lemma pgd_dist_sq_le:
  fixes f :: "'a::euclidean_space \<Rightarrow> real"
  assumes "is_projection C P" "convex C" "0 \<in> C" "b \<in> C"
    and bounded: "\<And>x. x \<in> C \<Longrightarrow> norm x \<le> R"
    and weak: "\<And>x. x \<in> C \<Longrightarrow> f b \<ge> f x + G x \<bullet> (b - x) - beta / 2 * (norm (b - x))\<^sup>2"
    and grad: "\<And>x. x \<in> C \<Longrightarrow> norm (G x) \<le> L + beta * norm x"
    and gap: "\<And>s. s < T \<Longrightarrow> f (pgd P eta G s) - f b \<ge> beta * R\<^sup>2 + eps"
    and step_size: "eta * L \<le> R / sqrt (real T)"
    and decrease: "2 * eta * eps - eta\<^sup>2 * (L\<^sup>2 + beta\<^sup>2 * R\<^sup>2) = R\<^sup>2 / real T"
    and "eta \<ge> 0" "beta \<ge> 0" "L \<ge> 0"
  shows "s \<le> T \<Longrightarrow> (norm (pgd P eta G s - b))\<^sup>2 \<le> R\<^sup>2 - real s * R\<^sup>2 / real T"
proof (induction s)
  case 0
  show ?case
    using bounded[OF \<open>b \<in> C\<close>] by (simp add: power_mono)
next
  case (Suc s)
  let ?x = "pgd P eta G s"
  have x: "?x \<in> C"
    using pgd_in_set[OF assms(1,3)] .
  have R: "R \<ge> 0"
    using bounded[OF \<open>0 \<in> C\<close>] by simp
  have dist_le: "(norm (?x - b))\<^sup>2 \<le> R\<^sup>2 - real s * R\<^sup>2 / real T"
    using Suc by simp
  have room: "(norm (?x - b))\<^sup>2 + 2 * eta * L * norm ?x \<le> 2 * R\<^sup>2"
  proof (cases s)
    case 0
    then show ?thesis
      using dist_le by simp (use zero_le_power2[of R] in linarith)
  next
    case (Suc s')
    have "R\<^sup>2 \<le> real s * R\<^sup>2"
      using Suc mult_right_mono[of 1 "real s" "R\<^sup>2"] by simp
    then have "R\<^sup>2 / real T \<le> real s * R\<^sup>2 / real T"
      by (simp add: divide_right_mono)
    moreover have "eta * L * norm ?x \<le> R / sqrt (real T) * R"
      using step_size bounded[OF x] R \<open>eta \<ge> 0\<close> \<open>L \<ge> 0\<close> by (intro mult_mono) auto
    moreover have "2 * (R / sqrt (real T) * R) \<le> R\<^sup>2 + R\<^sup>2 / real T"
      using sum_squares_bound[of R "R / sqrt (real T)"]
      by (simp add: power_divide)
    ultimately show ?thesis
      using dist_le by linarith
  qed
  have "(norm (pgd P eta G (Suc s) - b))\<^sup>2
      \<le> (norm (?x - b))\<^sup>2 - 2 * eta * eps + eta\<^sup>2 * (L\<^sup>2 + beta\<^sup>2 * R\<^sup>2)"
    using projected_gradient_step_dist_sq_le[OF assms(1,2,4) bounded[OF x] weak[OF x] grad[OF x]
        gap room \<open>eta \<ge> 0\<close> \<open>beta \<ge> 0\<close> \<open>L \<ge> 0\<close>] Suc.prems
    by simp
  also have "\<dots> \<le> R\<^sup>2 - real (Suc s) * R\<^sup>2 / real T"
    using dist_le decrease by (simp add: add_divide_distrib algebra_simps)
  finally show ?case .
qed

theorem pgd_min_gap_le:
  fixes f :: "'a::euclidean_space \<Rightarrow> real"
  assumes "is_projection C P" "convex C" "0 \<in> C" "b \<in> C"
    and bounded: "\<And>x. x \<in> C \<Longrightarrow> norm x \<le> R"
    and weak: "\<And>x. x \<in> C \<Longrightarrow> f b \<ge> f x + G x \<bullet> (b - x) - beta / 2 * (norm (b - x))\<^sup>2"
    and grad: "\<And>x. x \<in> C \<Longrightarrow> norm (G x) \<le> L + beta * norm x"
    and "beta \<ge> 0" "L \<ge> 0" "T > 0"
  shows "Min ((\<lambda>s. f (pgd P (1 / sqrt (real T) * (R / sqrt (L\<^sup>2 + beta\<^sup>2 * R\<^sup>2))) G s)) ` {0..T})
      - f b \<le> beta * R\<^sup>2 + R * sqrt ((L\<^sup>2 + beta\<^sup>2 * R\<^sup>2) / real T)"
proof -
  define M where "M = sqrt (L\<^sup>2 + beta\<^sup>2 * R\<^sup>2)"
  define eta where "eta = 1 / sqrt (real T) * (R / M)"
  define eps where "eps = R * M / sqrt (real T)"
  let ?x = "pgd P eta G"
  have R: "R \<ge> 0"
    using bounded[OF \<open>0 \<in> C\<close>] by simp
  have M: "M \<ge> 0" "M\<^sup>2 = L\<^sup>2 + beta\<^sup>2 * R\<^sup>2"
    by (simp_all add: M_def)
  have Min_le: "Min ((\<lambda>s. f (?x s)) ` {0..T}) \<le> f (?x s)" if "s \<le> T" for s
    using that by (intro Min_le) auto
  have "Min ((\<lambda>s. f (?x s)) ` {0..T}) - f b \<le> beta * R\<^sup>2 + eps"
  proof (cases "R = 0 \<or> M = 0")
    case True
    \<comment> \<open>The step size degenerates to \<open>eta = 0\<close> (division by zero), but now \<open>L * R = 0\<close> and the
      initial iterate \<open>0\<close> already satisfies the bound.\<close>
    then have "L * R = 0"
      using M by (auto simp: power2_eq_square add_nonneg_eq_0_iff)
    moreover have "f b \<ge> f 0 + G 0 \<bullet> b - beta / 2 * (norm b)\<^sup>2"
      using weak[OF \<open>0 \<in> C\<close>] by simp
    moreover have "G 0 \<bullet> b \<ge> - (L * R)"
      using norm_cauchy_schwarz[of "- G 0" b] grad[OF \<open>0 \<in> C\<close>] bounded[OF \<open>b \<in> C\<close>]
        \<open>L \<ge> 0\<close> mult_mono[of "norm (G 0)" L "norm b" R]
      by simp
    moreover have "beta * (norm b)\<^sup>2 \<le> beta * R\<^sup>2"
      using bounded[OF \<open>b \<in> C\<close>] \<open>beta \<ge> 0\<close> by (simp add: mult_left_mono power_mono)
    moreover have "eps \<ge> 0" "beta * R\<^sup>2 \<ge> 0"
      using R M \<open>beta \<ge> 0\<close> by (simp_all add: eps_def)
    moreover have "Min ((\<lambda>s. f (?x s)) ` {0..T}) \<le> f 0"
      using Min_le[of 0] by simp
    ultimately show ?thesis
      by linarith
  next
    case False
    then have "R > 0" "M > 0"
      using R M by auto
    have "L \<le> M"
      unfolding M_def by (rule real_le_rsqrt) simp
    then have "L / M * (R / sqrt (real T)) \<le> 1 * (R / sqrt (real T))"
      using \<open>M > 0\<close> \<open>R > 0\<close> by (intro mult_right_mono) auto
    then have step_size: "eta * L \<le> R / sqrt (real T)"
      by (simp add: eta_def mult.commute)
    have "eta * eps = R\<^sup>2 / real T" "eta\<^sup>2 * M\<^sup>2 = R\<^sup>2 / real T"
      using \<open>M > 0\<close> by (simp_all add: eta_def eps_def power2_eq_square)
    then have decrease: "2 * eta * eps - eta\<^sup>2 * (L\<^sup>2 + beta\<^sup>2 * R\<^sup>2) = R\<^sup>2 / real T"
      by (simp add: M(2))
    have "eta \<ge> 0" "beta * R\<^sup>2 + eps \<ge> 0"
      using \<open>R > 0\<close> \<open>M > 0\<close> \<open>beta \<ge> 0\<close> by (simp_all add: eta_def eps_def)
    show ?thesis
    proof (rule ccontr)
      assume "\<not> ?thesis"
      then have gap: "f (?x s) - f b > beta * R\<^sup>2 + eps" if "s \<le> T" for s
        using Min_le[OF that] by linarith
      have "(norm (?x T - b))\<^sup>2 \<le> R\<^sup>2 - real T * R\<^sup>2 / real T"
        using gap by (intro pgd_dist_sq_le[OF assms(1-7) _ step_size decrease
            \<open>eta \<ge> 0\<close> \<open>beta \<ge> 0\<close> \<open>L \<ge> 0\<close>]) (auto simp: less_imp_le)
      then have "?x T = b"
        using \<open>T > 0\<close> by simp
      then show False
        using gap[of T] \<open>beta * R\<^sup>2 + eps \<ge> 0\<close> by simp
    qed
  qed
  moreover have "eps = R * sqrt ((L\<^sup>2 + beta\<^sup>2 * R\<^sup>2) / real T)"
    by (simp add: eps_def M_def real_sqrt_divide)
  ultimately show ?thesis
    by (simp add: eta_def M_def)
qed

section \<open>Lipschitz gradients and weighted averages\<close>

lemma has_derivative_shift:
  assumes "(f has_derivative f') (at (c + x))"
  shows "((\<lambda>x. f (c + x)) has_derivative f') (at x)"
  using has_derivative_compose[OF shift_has_derivative_id assms] by simp

lemma lower_quadratic_bound_of_lipschitz_gradient:
  fixes f :: "'a::real_inner \<Rightarrow> real"
  assumes "convex C" "a \<in> C" "b \<in> C"
    and deriv: "\<And>x. x \<in> C \<Longrightarrow> (f has_derivative (\<lambda>h. F x \<bullet> h)) (at x)"
    and lip: "\<And>x y. x \<in> C \<Longrightarrow> y \<in> C \<Longrightarrow> norm (F x - F y) \<le> beta * norm (x - y)"
  shows "f b \<ge> f a + F a \<bullet> (b - a) - beta / 2 * (norm (b - a))\<^sup>2"
proof -
  define d where "d = b - a"
  define phi where "phi t = f (a + t *\<^sub>R d) - t * (F a \<bullet> d) + beta * (norm d)\<^sup>2 * t\<^sup>2 / 2" for t
  have "phi 0 \<le> phi 1"
  proof (rule DERIV_nonneg_imp_nondecreasing[of 0 1])
    fix t :: real
    assume t: "0 \<le> t" "t \<le> 1"
    let ?x = "a + t *\<^sub>R d"
    have x: "?x \<in> C"
      using convexD_alt[OF assms(1-3) t] by (simp add: d_def algebra_simps)
    have "((\<lambda>t. f (a + t *\<^sub>R d)) has_real_derivative F ?x \<bullet> d) (at t)"
      by (rule has_derivative_imp_has_field_derivative
          [OF has_derivative_compose[of "\<lambda>t. a + t *\<^sub>R d", OF _ deriv[OF x]]])
        (auto intro!: derivative_eq_intros)
    then have "(phi has_real_derivative F ?x \<bullet> d - F a \<bullet> d + beta * (norm d)\<^sup>2 * t) (at t)"
      unfolding phi_def[abs_def] by (auto intro!: derivative_eq_intros)
    moreover have "(F a - F ?x) \<bullet> d \<le> beta * (norm d)\<^sup>2 * t"
    proof -
      have "(F a - F ?x) \<bullet> d \<le> norm (F a - F ?x) * norm d"
        by (rule norm_cauchy_schwarz)
      also have "\<dots> \<le> beta * norm (a - ?x) * norm d"
        using lip[OF assms(2) x] by (simp add: mult_right_mono)
      finally show ?thesis
        using t by (simp add: power2_eq_square mult_ac)
    qed
    ultimately show "\<exists>y. (phi has_real_derivative y) (at t) \<and> 0 \<le> y"
      by (auto simp: inner_diff_left)
  qed simp
  then show ?thesis
    unfolding phi_def d_def by (simp add: algebra_simps)
qed

lemma mean_le_of_mean_square_le:
  fixes a :: "nat \<Rightarrow> real"
  assumes "(1 / real n) * (\<Sum>i<n. (a i)\<^sup>2) \<le> B\<^sup>2" "B \<ge> 0"
  shows "(1 / real n) * (\<Sum>i<n. a i) \<le> B"
proof (cases "n = 0")
  case False
  have "((1 / real n) * (\<Sum>i<n. a i))\<^sup>2 \<le> (1 / real n) * (\<Sum>i<n. (a i)\<^sup>2)"
    using sum_squared_le_sum_of_squares[of a "{..<n}"] False
    by (simp add: power_mult_distrib power2_eq_square field_simps)
  also have "\<dots> \<le> B\<^sup>2"
    by (fact assms(1))
  finally show ?thesis
    using \<open>B \<ge> 0\<close> by (rule power2_le_imp_le)
qed (simp add: assms(2))

lemma abs_subgradient_le:
  fixes l :: "real \<Rightarrow> real"
  assumes lip: "\<And>z z'. \<bar>l z - l z'\<bar> \<le> K * \<bar>z - z'\<bar>"
    and subgrad: "\<And>w. l w \<ge> l z + d * (w - z)"
  shows "\<bar>d\<bar> \<le> K"
  using subgrad[of "z + 1"] subgrad[of "z - 1"] lip[of "z + 1" z] lip[of "z - 1" z]
  by (simp add: abs_le_iff)

lemma norm_mean_weighted_le:
  fixes v :: "nat \<Rightarrow> 'a::real_normed_vector"
  assumes "\<And>i. i < n \<Longrightarrow> \<bar>w i\<bar> \<le> 1"
  shows "norm ((1 / real n) *\<^sub>R (\<Sum>i<n. w i *\<^sub>R v i)) \<le> (1 / real n) * (\<Sum>i<n. norm (v i))"
proof -
  have "norm (\<Sum>i<n. w i *\<^sub>R v i) \<le> (\<Sum>i<n. norm (v i))"
    using assms by (intro order_trans[OF norm_sum] sum_mono) (simp add: mult_left_le_one_le)
  then show ?thesis
    by (simp add: divide_right_mono)
qed

lemma mean_weighted_lipschitz:
  fixes F :: "nat \<Rightarrow> 'a::{real_normed_vector, perfect_space} \<Rightarrow> 'b::real_normed_vector"
  assumes "convex C" "x \<in> C" "y \<in> C"
    and deriv: "\<And>i z. i < n \<Longrightarrow> z \<in> C \<Longrightarrow> (F i has_derivative F' i z) (at z)"
    and mean_onorm: "\<And>z. z \<in> C \<Longrightarrow> (1 / real n) * (\<Sum>i<n. onorm (F' i z)) \<le> beta"
    and weights: "\<And>i. i < n \<Longrightarrow> \<bar>w i\<bar> \<le> 1"
  shows "norm ((1 / real n) *\<^sub>R (\<Sum>i<n. w i *\<^sub>R F i x) - (1 / real n) *\<^sub>R (\<Sum>i<n. w i *\<^sub>R F i y))
    \<le> beta * norm (x - y)"
proof (rule differentiable_bound[OF \<open>convex C\<close> _ _ \<open>x \<in> C\<close> \<open>y \<in> C\<close>])
  fix z
  assume z: "z \<in> C"
  show "((\<lambda>x. (1 / real n) *\<^sub>R (\<Sum>i<n. w i *\<^sub>R F i x)) has_derivative
      (\<lambda>h. (1 / real n) *\<^sub>R (\<Sum>i<n. w i *\<^sub>R F' i z h))) (at z within C)"
    using deriv[OF _ z]
    by (intro has_derivative_at_withinI[OF has_derivative_scaleR_right] has_derivative_sum
        has_derivative_scaleR_right) auto
  show "onorm (\<lambda>h. (1 / real n) *\<^sub>R (\<Sum>i<n. w i *\<^sub>R F' i z h)) \<le> beta"
  proof (rule onorm_le)
    fix h
    have "norm ((1 / real n) *\<^sub>R (\<Sum>i<n. w i *\<^sub>R F' i z h)) \<le> (1 / real n) * (\<Sum>i<n. norm (F' i z h))"
      by (rule norm_mean_weighted_le[OF weights])
    also have "\<dots> \<le> (1 / real n) * (\<Sum>i<n. onorm (F' i z) * norm h)"
      using deriv[OF _ z] by (intro mult_left_mono sum_mono onorm has_derivative_bounded_linear) auto
    also have "\<dots> = (1 / real n) * (\<Sum>i<n. onorm (F' i z)) * norm h"
      by (simp add: sum_distrib_right)
    also have "\<dots> \<le> beta * norm h"
      using mean_onorm[OF z] by (rule mult_right_mono) simp
    finally show "norm ((1 / real n) *\<^sub>R (\<Sum>i<n. w i *\<^sub>R F' i z h)) \<le> beta * norm h" .
  qed
qed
# # # #
Repeat the material exactly. Begin with its first line and end with the line that has "b))\<^sup>2 - 2".

lemma pgd_dist_sq_le:
  fixes f :: "'a::euclidean_space \<Rightarrow> real"
  assumes "is_projection C P" "convex C" "0 \<in> C" "b \<in> C"
    and bounded: "\<And>x. x \<in> C \<Longrightarrow> norm x \<le> R"
    and weak: "\<And>x. x \<in> C \<Longrightarrow> f b \<ge> f x + G x \<bullet> (b - x) - beta / 2 * (norm (b - x))\<^sup>2"
    and grad: "\<And>x. x \<in> C \<Longrightarrow> norm (G x) \<le> L + beta * norm x"
    and gap: "\<And>s. s < T \<Longrightarrow> f (pgd P eta G s) - f b \<ge> beta * R\<^sup>2 + eps"
    and step_size: "eta * L \<le> R / sqrt (real T)"
    and decrease: "2 * eta * eps - eta\<^sup>2 * (L\<^sup>2 + beta\<^sup>2 * R\<^sup>2) = R\<^sup>2 / real T"
    and "eta \<ge> 0" "beta \<ge> 0" "L \<ge> 0"
  shows "s \<le> T \<Longrightarrow> (norm (pgd P eta G s - b))\<^sup>2 \<le> R\<^sup>2 - real s * R\<^sup>2 / real T"
proof (induction s)
  case 0
  show ?case
    using bounded[OF \<open>b \<in> C\<close>] by (simp add: power_mono)
next
  case (Suc s)
  let ?x = "pgd P eta G s"
  have x: "?x \<in> C"
    using pgd_in_set[OF assms(1,3)] .
  have R: "R \<ge> 0"
    using bounded[OF \<open>0 \<in> C\<close>] by simp
  have dist_le: "(norm (?x - b))\<^sup>2 \<le> R\<^sup>2 - real s * R\<^sup>2 / real T"
    using Suc by simp
  have room: "(norm (?x - b))\<^sup>2 + 2 * eta * L * norm ?x \<le> 2 * R\<^sup>2"
  proof (cases s)
    case 0
    then show ?thesis
      using dist_le by simp (use zero_le_power2[of R] in linarith)
  next
    case (Suc s')
    have "R\<^sup>2 \<le> real s * R\<^sup>2"
      using Suc mult_right_mono[of 1 "real s" "R\<^sup>2"] by simp
    then have "R\<^sup>2 / real T \<le> real s * R\<^sup>2 / real T"
      by (simp add: divide_right_mono)
    moreover have "eta * L * norm ?x \<le> R / sqrt (real T) * R"
      using step_size bounded[OF x] R \<open>eta \<ge> 0\<close> \<open>L \<ge> 0\<close> by (intro mult_mono) auto
    moreover have "2 * (R / sqrt (real T) * R) \<le> R\<^sup>2 + R\<^sup>2 / real T"
      using sum_squares_bound[of R "R / sqrt (real T)"]
      by (simp add: power_divide)
    ultimately show ?thesis
      using dist_le by linarith
  qed
  have "(norm (pgd P eta G (Suc s) - b))\<^sup>2
      \<le> (norm (?x - b))\<^sup>2 - 2 * eta * eps + eta\<^sup>2 * (L\<^sup>2 + beta\<^sup>2 * R\<^sup>2)"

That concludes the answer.